History
- Name: HMS LST 3512 (1945); SS Empire Celtic (1945-56); HMS Empire Celtic (1956); SS Empire Celtic (1945-62);
- Owner: Royal Navy (1945); Ministry of War Transport (1945); Ministry of Transport (1945-62);
- Operator: Royal Navy (1945); Atlantic Steam Navigation Co Ltd (1946-56); Royal Navy (1956); Atlantic Steam Navigation Co Ltd (1956-60);
- Port of registry: Royal Navy (1946-48); London (1948-56); Royal Navy (1956); London (1956-60);
- Route: Tilbury - Hamburg (1946-55); Tilbury - Rotterdam (1955-60);
- Ordered: 1 February 1944
- Builder: Davie Shipbuilding, Lauzon
- Launched: 25 April 1945
- Completed: September 1945
- Commissioned: 7 August 1945
- Out of service: 1960
- Fate: Scrapped 1962

General characteristics
- Class & type: Landing Ship, Tank (LST 3514); Ferry (Empire Celtic);
- Length: 347 ft 6 in (105.92 m)
- Beam: 55 ft 3 in (16.84 m)
- Draught: 12 ft 5 in (3.78 m)
- Installed power: Triple expansion steam engine
- Propulsion: Screw propeller
- Speed: 13.5 knots (25.0 km/h)

= SS Empire Celtic =

World War II merchant ship of the United Kingdom

Empire Celtic was a ferry which was built in 1945 as Landing Ship, Tank LST 3512 for the Royal Navy. In 1946 she was chartered by the Atlantic Steam Navigation Company Ltd, converted to a ferry and renamed Empire Celtic. In 1956, she was requisitioned by the Royal Navy for a few months during the Suez Crisis as HMS Empire Cedric. She served until 1960 and was scrapped in 1965.

==Description==
The ship was ordered on 1 February 1944. She was built by Davie Shipbuilding & Repairing Co Ltd, Lauzon, Quebec, as yard number 335. She was launched on 25 April 1945, and completed in September.

The ship was 347 ft 6 in long, with a beam of 55 ft 3 in and a depth of 12 ft 5 in.
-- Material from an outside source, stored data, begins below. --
text \<open>Give every oil-water pair and every ghost at \<open>x\<close> the weight \<open>G_K(x, y)\<close>. When a pair
  at \<open>b\<close> jumps, the oil landing at \<open>z1\<close> forms a new pair iff waters are in excess there, and
  the water landing at \<open>z2\<close> forms a new pair or a ghost iff oils are not in excess there; as the
  two conditions are complementary, the expected weight after the jump is the average of
  \<open>G_K(\<cdot>, y)\<close> over the neighbours of \<open>b\<close>, exactly as for a ghost. Since \<open>G_K(\<cdot>, y)\<close> is
  harmonic in \<open>K\<close> except at \<open>y\<close>, where it exceeds its average by \<open>1\<close>, the total weight plus
  the number of jumps from \<open>y\<close> is a martingale, and it remains to show that the expected total
  weight at time \<open>n\<close> becomes small. Measuring weights instead by the expected exit time
  \<open>E_x \<tau>\<close>, which drops by \<open>1\<close> on average with every jump, the square of the total weight is a
  Lyapunov function that makes the expected total weights summable in time. Finiteness of all
  these quantities comes from the uniformly geometric decay of the probability that simple random
  walk stays in the finite set \<open>K\<close>.\<close>

locale finite_degree_graph =
  fixes adj :: "'v \<Rightarrow> 'v \<Rightarrow> bool"
  assumes finite_nbrs: "finite (nbrs adj v)"
    and nbrs_nonempty: "nbrs adj v \<noteq> {}"
    and no_loops: "\<not> adj v v"
(* (Soundness) Let $\mathfrak M=(\mathfrak T,\mathcal V)$ be a TFL model and $\phi$ a TFL formula in positive normal form, and let $H_0=(\mathfrak X(s_0),t_\epsilon)$ be the initial process. If $H_0\notin[\![\phi]\!]^{\mathfrak T}_{\mathcal V}$, then Adam has a winning strategy in the model-checking game $\mathcal G(H_0,\phi)$.
   Context: Systems: $\mathfrak T=(S,s_0,T,I,\Sigma)$, a transition system with independence (states $S$, initial $s_0$, labels $\Sigma$, transitions $T\subseteq S\times\Sigma\times S$, irreflexive symmetric independence $I\subseteq T\times T$ satisfying the standard TSI axioms), image-finite. For $t=(s,a,s')$: $\sigma(t)=s,\tau(t)=s',\delta(t)=a$. $t\otimes t'$ iff $\sigma(t)=\sigma(t')\wedge tIt'$; $t\ominus t'$ iff $\tau(t)=\sigma(t')\wedge tIt'$; $t\le t'$ iff $\tau(t)=\sigma(t')\wedge\neg tIt'$. $\mathfrak X(s)$ = transitions with source $s$; conflict-free set = set with common source, pairwise $\otimes$; support sets = the $\mathfrak X(s)$ and non-empty conflict-free sets; $M\sqsubseteq R$ iff $M\subseteq R$ and no $t\in R\setminus M$ has $t\otimes t'$ for all $t'\in M$; $\mathcal X$ = all $\mathfrak X(s)$ and all support sets $M\sqsubseteq\mathfrak X(s)$; $\mathfrak A=T\cup\{t_\epsilon\}$ with fresh $t_\epsilon$, $\tau(t_\epsilon)=s_0$, $t_\epsilon\le t$ whenever $\sigma(t)=s_0$, never $t_\epsilon\ominus t$; processes $\mathfrak S=\mathcal X\times\mathfrak A$. TFL: formulas $\phi::=Z\mid\neg\phi\mid\phi\wedge\phi\mid\langle a\rangle_c\phi\mid\langle a\rangle_{nc}\phi\mid\langle\otimes\rangle\phi\mid\mu Z.\phi$ (free occurrences of $Z$ in $\mu Z.\phi$ under an even number of negations), with duals $\vee$, $[a]_c=\neg\langle a\rangle_c\neg$, $[a]_{nc}$, $[\otimes]=\neg\langle\otimes\rangle\neg$, $\nu Z.\phi=\neg\mu Z.\neg\phi[\neg Z/Z]$. A model is $(\mathfrak T,\mathcal V)$ with $\mathcal V:\mathrm{Var}\to2^{\mathfrak S}$. Semantics in $2^{\mathfrak S}$: $[\![Z]\!]=\mathcal V(Z)$, $\neg$ complement, $\wedge$ intersection, $[\![\langle a\rangle_c\phi]\!]=\{(R,t):\exists r\in R.\ \delta(r)=a,\ t\le r,\ (\mathfrak X(\tau(r)),r)\in[\![\phi]\!]\}$, $\langle a\rangle_{nc}$ likewise with $t\ominus r$, $[\![\langle\otimes\rangle\phi]\!]=\{(R,t):\exists M\in\mathcal X.\ M\sqsubseteq R,\ (M,t)\in[\![\phi]\!]\}$, $[\![\mu Z.\phi]\!]_{\mathcal V}=\bigcap\{Q\subseteq\mathfrak S:[\![\phi]\!]_{\mathcal V[Z:=Q]}\subseteq Q\}$. Positive normal form: negation only on variables, no two binders bind the same variable. $Sub(\phi)$ is the set of subformulas. Model-checking game $\mathcal G(H_0,\phi)$ between Eve and Adam: configurations $H\vdash\psi$ with $H\in\mathfrak S$, $\psi\in Sub(\phi)$; start $H_0\vdash\phi$. Rules: $H\vdash\mu Z.\psi$ or $H\vdash\nu Z.\psi$ moves to $H\vdash Z$; $H\vdash Z$ with $Z$ bound by $\mu Z.\psi$ or $\nu Z.\psi$ moves to $H\vdash\psi$; at $H\vdash\psi_0\vee\psi_1$ Eve (at $\wedge$, Adam) chooses $H\vdash\psi_i$; at $(R,t)\vdash\langle a\rangle_c\psi$ Eve (at $[a]_c\psi$, Adam) chooses $r\in R$ with $\delta(r)=a$, $t\le r$, moving to $(\mathfrak X(\tau(r)),r)\vdash\psi$; same for $\langle a\rangle_{nc}$/$[a]_{nc}$ with $t\ominus r$; at $(R,t)\vdash\langle\otimes\rangle\psi$ Eve (at $[\otimes]\psi$, Adam) chooses $M\in\mathcal X$ with $M\sqsubseteq R$, moving to $(M,t)\vdash\psi$. Adam wins a play iff it ends at $H\vdash Z$ ($Z$ free) with $H\notin\mathcal V(Z)$, or at a diamond configuration ($\langle a\rangle_c$, $\langle a\rangle_{nc}$, $\langle\otimes\rangle$) with no available choice, or is infinite and the syntactically outermost variable occurring infinitely often is bound by a $\mu$; Eve wins dually (ends at $H\vdash Z$ with $H\in\mathcal V(Z)$, at a box configuration with no available choice, or infinite with the outermost infinitely-often variable bound by a $\nu$). A player has a winning strategy if she/he can guarantee winning every play. *)

theory Defs
  imports Main
begin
The ship was propelled by a triple expansion steam engine. The engine was built by the Canadian Pacific Railway. It could propel her at 13.5 kn.

==History==
LST 3512 was commissioned into the Royal Navy on 7 August 1945. In 1946, she was chartered by the Atlantic Steam Navigation Co Ltd. She was rebuilt as a ferry by Harland & Wolff Ltd, Tilbury. She entered service on trooping duties on the Tilbury - Hamburg route. I 1955, the route was changed to Tilbury - Rotterdam. In 1956, Empire Celtic took part in Operation Musketeer. She was used to bring vehicles back to the United Kingdom from Egypt. Due to weather damage Empire Celtic had to divert to Malta for repairs. Empire Celtic was withdrawn from service in 1960. She was sold on 10 August 1962, and scrapped at La Spezia, Italy.